Niklas is a 30-year-old football writer and podcaster who has been following the Bundesliga and German football since the early 90s. You can follow him on Twitter, @normusings, and listen to his opinions on @TalkingFussball and on the @AufstiegPod.


  1. It may be strange for a lot of you, duly so, but people need to understand it is really a task of the utmost difficulty for certain individuals to express their inner feelings.

    Thanks for the article.

  2. Thats one thing Bayern deserve a lot of credit in, their treatment of players who are having a hard time. As they have throughout the time Uli was in charge, hey’re doing a great job supporting Breno in all possibilities now.

  3. That’s great initiative by the professors to do that. Never really experienced anything like that at the universities here in the states, even after all the school shootings.

    Hard not to still be emotional about this but this can serve as a significant learning lesson for everyone involved in professional sports. At the end of the day, players are human beings vulnerable and frail to the same tensions and cracks as everyone else and need to be reacted to just the same.

  4. Fantastic piece Niklas.

    I think the layman just assumes that people who play professional sports really have their lives set out for them but, as you’ve pointed out, often times this isn’t the case. I don’t have a personal connection to Enke or the other footballing personalities mentioned in this story but there is a part of me that feels such great sadness when I read about them.

    People, footballers included, shouldn’t be afraid to tell people that there is something wrong. Telling someone about a broken ankle should not be easier than telling someone about depression, but sadly that is the case. Hopefully with the Enke book and the recent revelations from people like Rangnick, Fenin, Biermann, and Miller the culture of secrecy towards mental illness in sport can change.

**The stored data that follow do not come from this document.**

lemma dom_cons [simp]: "dm (cons X) = Go (Fo X)"
  and cod_cons [simp]: "cd (cons X) = Fo X"
  and dom_etaF [simp]: "dm (etaF X) = X"
  and cod_etaF [simp]: "cd (etaF X) = Fo X"
  using algebraically_free by (auto simp: algebraically_free_def hom_def)

definition alg_hom :: "'a \<Rightarrow> 'a \<Rightarrow> 'a \<Rightarrow> bool" where
  "alg_hom c d h \<longleftrightarrow> dm c = Go (cd c) \<and> dm d = Go (cd d) \<and>
     dm h = cd c \<and> cd h = cd d \<and> h \<cdot> c = d \<cdot> Gm h"

text \<open>The equation characterising \<open>\<widehat>f\<close> in the definition of strong generation, for an
  arbitrary source algebra \<open>c\<close> in place of \<open>cons\<close>; a \<open>G\<close>-monoid multiplication is such a
  morphism from \<open>g\<close> to \<open>g\<close>.\<close>
definition strong_alg_hom :: "'o \<Rightarrow> 'a \<Rightarrow> 'a \<Rightarrow> 'a \<Rightarrow> bool" where
  "strong_alg_hom B c d h \<longleftrightarrow> dm c = Go (cd c) \<and> dm d = Go (cd d) \<and>
     dm h = ten (cd c) B \<and> cd h = cd d \<and>
     h \<cdot> tenm c (ident B) = d \<cdot> Gm h \<cdot> tG (cd c) B"

lemma alg_hom_dom: "alg_hom c d h \<Longrightarrow> dm h = cd c"
  and alg_hom_cod: "alg_hom c d h \<Longrightarrow> cd h = cd d"
  by (simp_all add: alg_hom_def)

lemma strong_alg_hom_dom: "strong_alg_hom B c d h \<Longrightarrow> dm h = ten (cd c) B"
  and strong_alg_hom_cod: "strong_alg_hom B c d h \<Longrightarrow> cd h = cd d"
  by (simp_all add: strong_alg_hom_def)

lemma alg_hom_comp:
  assumes "alg_hom c d h" and "alg_hom d e k"
  shows "alg_hom c e (k \<cdot> h)"
proof -
  have "(k \<cdot> h) \<cdot> c = k \<cdot> d \<cdot> Gm h"
    using assms by (simp add: alg_hom_def comp_assoc)
  also have "\<dots> = e \<cdot> Gm (k \<cdot> h)"
    using assms by (simp add: alg_hom_def Gm_comp flip: comp_assoc)
  finally show ?thesis
    using assms by (simp add: alg_hom_def)
qed

lemma alg_hom_comp_strong_alg_hom:
  assumes h: "strong_alg_hom B c d h" and k: "alg_hom d e k"
  shows "strong_alg_hom B c e (k \<cdot> h)"
proof -
  have "(k \<cdot> h) \<cdot> tenm c (ident B) = k \<cdot> d \<cdot> Gm h \<cdot> tG (cd c) B"
    using h k by (simp add: alg_hom_def strong_alg_hom_def comp_assoc)
  also have "\<dots> = (k \<cdot> d) \<cdot> Gm h \<cdot> tG (cd c) B"
    using h k by (intro comp_assoc[symmetric]) (simp_all add: alg_hom_def strong_alg_hom_def)
  also have "\<dots> = e \<cdot> Gm (k \<cdot> h) \<cdot> tG (cd c) B"
    using h k by (simp add: alg_hom_def strong_alg_hom_def Gm_comp comp_assoc)
  finally show ?thesis
    using h k by (simp add: alg_hom_def strong_alg_hom_def)
qed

  5. a similar situation is experienced at Bayern with Breno Borges.

    Young, talented, Brazilian, thought to be the next great Brazilian CB, highly touted, was brought to Munich, often injured, and when he played seemed to be inconsistent in showing his potential.

    Bayern MUST at all costs try to resuscitate his career. This is a season to do it: the DFB Pokal is there, and for all intents and purposes, Breno’s career should be saved.

  6. Thank you for the article. I live in Hanover and witnessed the city’s reaction to his death. It was a collective trauma. On the following day, our university courses were spent to talk about the issue of depression and suicide. For the next week, you could feel the sadness everywhere across the city.

    I am convinced that depression is an important issue, especially in an environment that produces so much pressure on the players and on the coaches. Oliver Kahn once said you have to be very strong to admit your weaknesses. I think this is especially true for footballers who are under constant surveillance by the public. For the future I hope that teams and especially the fans try to support the player’s in need of treatment.

    I also want to advertise Ronald Reng’s Enke biography. It really is a great book that every football-fan should read.